▶ _Work to be completed_:
Would you please copy every line below that includes the string "multiple"?

▶ _Given data_:

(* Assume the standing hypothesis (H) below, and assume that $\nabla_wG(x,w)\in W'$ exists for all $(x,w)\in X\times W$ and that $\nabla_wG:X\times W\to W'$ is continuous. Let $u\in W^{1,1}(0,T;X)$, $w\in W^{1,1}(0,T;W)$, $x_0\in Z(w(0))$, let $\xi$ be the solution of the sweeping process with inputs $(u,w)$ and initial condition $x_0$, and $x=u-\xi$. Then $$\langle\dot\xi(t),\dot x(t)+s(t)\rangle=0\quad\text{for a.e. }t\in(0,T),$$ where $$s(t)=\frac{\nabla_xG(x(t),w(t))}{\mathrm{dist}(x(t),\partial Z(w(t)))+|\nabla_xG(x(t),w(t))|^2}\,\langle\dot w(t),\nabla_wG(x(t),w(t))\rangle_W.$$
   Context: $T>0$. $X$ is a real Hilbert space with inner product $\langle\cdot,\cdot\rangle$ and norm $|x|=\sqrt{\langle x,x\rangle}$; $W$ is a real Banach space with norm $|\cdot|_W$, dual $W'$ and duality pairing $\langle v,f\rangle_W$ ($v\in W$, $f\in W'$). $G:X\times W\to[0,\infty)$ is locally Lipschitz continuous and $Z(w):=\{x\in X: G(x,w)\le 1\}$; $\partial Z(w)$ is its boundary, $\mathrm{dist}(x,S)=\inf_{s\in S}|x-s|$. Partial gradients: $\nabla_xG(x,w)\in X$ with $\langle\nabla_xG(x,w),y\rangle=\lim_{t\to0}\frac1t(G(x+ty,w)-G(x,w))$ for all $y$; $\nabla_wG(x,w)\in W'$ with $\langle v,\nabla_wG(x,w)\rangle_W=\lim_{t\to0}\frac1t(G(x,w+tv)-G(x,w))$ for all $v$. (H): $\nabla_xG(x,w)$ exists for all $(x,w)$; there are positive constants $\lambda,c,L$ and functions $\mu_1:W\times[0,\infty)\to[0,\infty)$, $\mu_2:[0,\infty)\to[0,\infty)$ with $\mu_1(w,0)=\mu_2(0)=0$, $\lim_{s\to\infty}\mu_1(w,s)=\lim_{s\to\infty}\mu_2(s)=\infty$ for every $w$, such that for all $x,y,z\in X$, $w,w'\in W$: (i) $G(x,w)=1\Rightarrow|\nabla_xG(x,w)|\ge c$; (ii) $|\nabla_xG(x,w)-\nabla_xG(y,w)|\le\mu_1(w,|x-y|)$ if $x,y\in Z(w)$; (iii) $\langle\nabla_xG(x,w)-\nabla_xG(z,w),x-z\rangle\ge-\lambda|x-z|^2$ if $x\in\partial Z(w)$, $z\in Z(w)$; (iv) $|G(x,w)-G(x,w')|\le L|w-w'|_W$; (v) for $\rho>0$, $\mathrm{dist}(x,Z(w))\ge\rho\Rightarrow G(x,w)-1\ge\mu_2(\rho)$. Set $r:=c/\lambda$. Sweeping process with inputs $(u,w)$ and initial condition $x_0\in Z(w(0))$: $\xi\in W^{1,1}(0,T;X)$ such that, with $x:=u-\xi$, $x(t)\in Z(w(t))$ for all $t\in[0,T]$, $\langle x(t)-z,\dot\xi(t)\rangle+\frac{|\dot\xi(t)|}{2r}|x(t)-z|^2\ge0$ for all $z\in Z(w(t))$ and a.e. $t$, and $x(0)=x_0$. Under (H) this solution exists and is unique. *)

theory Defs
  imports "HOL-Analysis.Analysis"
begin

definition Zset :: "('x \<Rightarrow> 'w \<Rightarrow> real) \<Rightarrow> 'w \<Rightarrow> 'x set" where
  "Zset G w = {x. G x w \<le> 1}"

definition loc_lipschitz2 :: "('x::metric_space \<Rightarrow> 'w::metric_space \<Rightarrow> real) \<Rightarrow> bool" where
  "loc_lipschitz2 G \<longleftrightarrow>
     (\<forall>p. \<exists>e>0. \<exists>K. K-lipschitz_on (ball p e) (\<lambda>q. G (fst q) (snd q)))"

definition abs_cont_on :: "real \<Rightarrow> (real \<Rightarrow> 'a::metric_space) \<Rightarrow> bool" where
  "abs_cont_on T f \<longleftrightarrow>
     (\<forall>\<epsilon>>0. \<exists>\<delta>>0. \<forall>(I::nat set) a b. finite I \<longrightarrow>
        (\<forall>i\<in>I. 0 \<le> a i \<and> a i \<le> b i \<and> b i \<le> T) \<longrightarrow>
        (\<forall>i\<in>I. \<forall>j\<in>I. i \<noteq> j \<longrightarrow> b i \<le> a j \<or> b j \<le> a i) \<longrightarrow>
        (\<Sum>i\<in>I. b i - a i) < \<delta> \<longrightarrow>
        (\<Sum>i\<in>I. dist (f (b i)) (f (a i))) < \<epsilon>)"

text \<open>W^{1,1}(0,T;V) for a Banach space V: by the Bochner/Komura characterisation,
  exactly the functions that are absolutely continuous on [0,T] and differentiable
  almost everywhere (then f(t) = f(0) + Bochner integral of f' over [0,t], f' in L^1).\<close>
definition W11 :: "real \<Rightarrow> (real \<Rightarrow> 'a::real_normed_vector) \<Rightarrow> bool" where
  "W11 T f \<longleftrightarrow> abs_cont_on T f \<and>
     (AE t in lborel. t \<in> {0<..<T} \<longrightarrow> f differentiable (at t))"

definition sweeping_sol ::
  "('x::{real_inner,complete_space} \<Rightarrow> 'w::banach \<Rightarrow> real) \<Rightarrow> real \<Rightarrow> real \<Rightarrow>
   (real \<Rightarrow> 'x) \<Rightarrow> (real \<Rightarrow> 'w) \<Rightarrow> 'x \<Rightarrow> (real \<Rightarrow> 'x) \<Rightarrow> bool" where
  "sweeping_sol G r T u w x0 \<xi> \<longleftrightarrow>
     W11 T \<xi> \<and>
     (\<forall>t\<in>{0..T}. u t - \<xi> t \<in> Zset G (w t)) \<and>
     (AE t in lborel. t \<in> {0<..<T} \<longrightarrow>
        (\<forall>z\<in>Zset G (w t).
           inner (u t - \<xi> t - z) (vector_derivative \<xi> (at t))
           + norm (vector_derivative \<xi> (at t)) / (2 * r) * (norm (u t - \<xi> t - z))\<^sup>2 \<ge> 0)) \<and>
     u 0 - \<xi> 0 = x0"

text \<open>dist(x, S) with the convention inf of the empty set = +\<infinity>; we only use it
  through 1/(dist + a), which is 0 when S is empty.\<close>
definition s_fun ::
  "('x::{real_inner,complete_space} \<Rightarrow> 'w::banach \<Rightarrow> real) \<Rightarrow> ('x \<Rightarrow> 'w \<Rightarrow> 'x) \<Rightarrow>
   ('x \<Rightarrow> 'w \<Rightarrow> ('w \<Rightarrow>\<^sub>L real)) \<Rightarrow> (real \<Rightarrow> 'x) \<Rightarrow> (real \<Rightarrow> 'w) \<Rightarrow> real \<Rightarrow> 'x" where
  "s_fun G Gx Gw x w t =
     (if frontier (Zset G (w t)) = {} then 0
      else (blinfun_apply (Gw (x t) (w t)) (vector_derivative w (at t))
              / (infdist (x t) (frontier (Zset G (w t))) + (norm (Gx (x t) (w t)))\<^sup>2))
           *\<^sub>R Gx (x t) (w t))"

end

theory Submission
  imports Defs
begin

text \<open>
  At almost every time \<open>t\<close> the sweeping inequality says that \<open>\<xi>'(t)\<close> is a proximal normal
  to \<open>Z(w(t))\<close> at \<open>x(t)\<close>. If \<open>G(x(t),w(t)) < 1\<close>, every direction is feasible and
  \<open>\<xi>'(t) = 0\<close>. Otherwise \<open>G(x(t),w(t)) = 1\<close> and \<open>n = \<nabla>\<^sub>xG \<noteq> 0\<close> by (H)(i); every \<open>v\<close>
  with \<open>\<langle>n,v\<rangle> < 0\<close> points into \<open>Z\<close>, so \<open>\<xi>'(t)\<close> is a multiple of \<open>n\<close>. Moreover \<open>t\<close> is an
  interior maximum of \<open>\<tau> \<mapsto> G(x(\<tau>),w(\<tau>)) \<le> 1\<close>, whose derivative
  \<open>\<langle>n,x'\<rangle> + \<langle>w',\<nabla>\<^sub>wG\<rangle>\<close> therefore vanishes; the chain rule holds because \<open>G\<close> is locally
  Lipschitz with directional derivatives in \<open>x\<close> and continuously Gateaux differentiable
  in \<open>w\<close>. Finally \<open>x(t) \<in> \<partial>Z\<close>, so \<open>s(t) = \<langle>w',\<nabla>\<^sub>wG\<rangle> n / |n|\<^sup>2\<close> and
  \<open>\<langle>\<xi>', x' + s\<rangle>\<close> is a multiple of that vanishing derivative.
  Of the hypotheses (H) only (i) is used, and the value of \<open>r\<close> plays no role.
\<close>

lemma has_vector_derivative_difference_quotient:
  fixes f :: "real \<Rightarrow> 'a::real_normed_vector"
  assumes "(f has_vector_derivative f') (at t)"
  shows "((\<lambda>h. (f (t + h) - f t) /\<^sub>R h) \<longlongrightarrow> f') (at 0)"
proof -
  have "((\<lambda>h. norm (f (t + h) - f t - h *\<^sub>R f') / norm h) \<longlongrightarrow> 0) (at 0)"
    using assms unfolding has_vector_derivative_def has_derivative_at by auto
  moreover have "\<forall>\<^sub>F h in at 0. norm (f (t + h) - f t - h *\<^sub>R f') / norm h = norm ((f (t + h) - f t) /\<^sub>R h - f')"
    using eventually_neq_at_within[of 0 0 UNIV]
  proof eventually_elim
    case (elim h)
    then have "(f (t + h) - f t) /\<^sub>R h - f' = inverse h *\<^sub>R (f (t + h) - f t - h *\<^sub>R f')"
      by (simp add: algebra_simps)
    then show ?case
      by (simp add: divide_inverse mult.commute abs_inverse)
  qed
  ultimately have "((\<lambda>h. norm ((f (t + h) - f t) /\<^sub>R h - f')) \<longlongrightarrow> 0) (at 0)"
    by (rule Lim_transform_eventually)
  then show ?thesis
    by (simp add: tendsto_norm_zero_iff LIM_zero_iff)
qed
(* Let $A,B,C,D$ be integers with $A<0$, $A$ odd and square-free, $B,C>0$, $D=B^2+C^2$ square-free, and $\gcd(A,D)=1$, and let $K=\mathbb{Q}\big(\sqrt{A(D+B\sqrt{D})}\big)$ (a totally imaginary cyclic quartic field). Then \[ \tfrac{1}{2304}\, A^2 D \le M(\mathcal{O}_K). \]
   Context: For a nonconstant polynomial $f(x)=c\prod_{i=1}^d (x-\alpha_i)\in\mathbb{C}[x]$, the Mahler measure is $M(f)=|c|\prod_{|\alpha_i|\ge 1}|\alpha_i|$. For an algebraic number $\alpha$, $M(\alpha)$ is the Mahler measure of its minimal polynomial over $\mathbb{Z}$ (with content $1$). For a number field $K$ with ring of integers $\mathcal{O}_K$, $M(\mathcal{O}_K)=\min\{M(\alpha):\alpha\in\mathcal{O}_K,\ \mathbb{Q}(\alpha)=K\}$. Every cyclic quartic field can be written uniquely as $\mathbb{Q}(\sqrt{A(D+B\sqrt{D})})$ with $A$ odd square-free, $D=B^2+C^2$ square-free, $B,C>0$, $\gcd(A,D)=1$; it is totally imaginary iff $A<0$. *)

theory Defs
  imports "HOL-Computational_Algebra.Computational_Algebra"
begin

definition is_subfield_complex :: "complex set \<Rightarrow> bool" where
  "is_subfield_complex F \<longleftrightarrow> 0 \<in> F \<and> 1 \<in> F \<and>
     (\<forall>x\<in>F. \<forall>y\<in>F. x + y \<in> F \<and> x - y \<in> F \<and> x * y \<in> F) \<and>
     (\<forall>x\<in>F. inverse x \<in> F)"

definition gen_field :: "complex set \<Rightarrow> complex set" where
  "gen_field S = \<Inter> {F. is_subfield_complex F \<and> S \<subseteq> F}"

▶ _Exercise solution_:
  with \<open>\<langle>n,v\<rangle> < 0\<close> points into \<open>Z\<close>, so \<open>\<xi>'(t)\<close> is a multiple of \<open>n\<close>. Moreover \<open>t\<close> is an
  \<open>\<langle>\<xi>', x' + s\<rangle>\<close> is a multiple of that vanishing derivative.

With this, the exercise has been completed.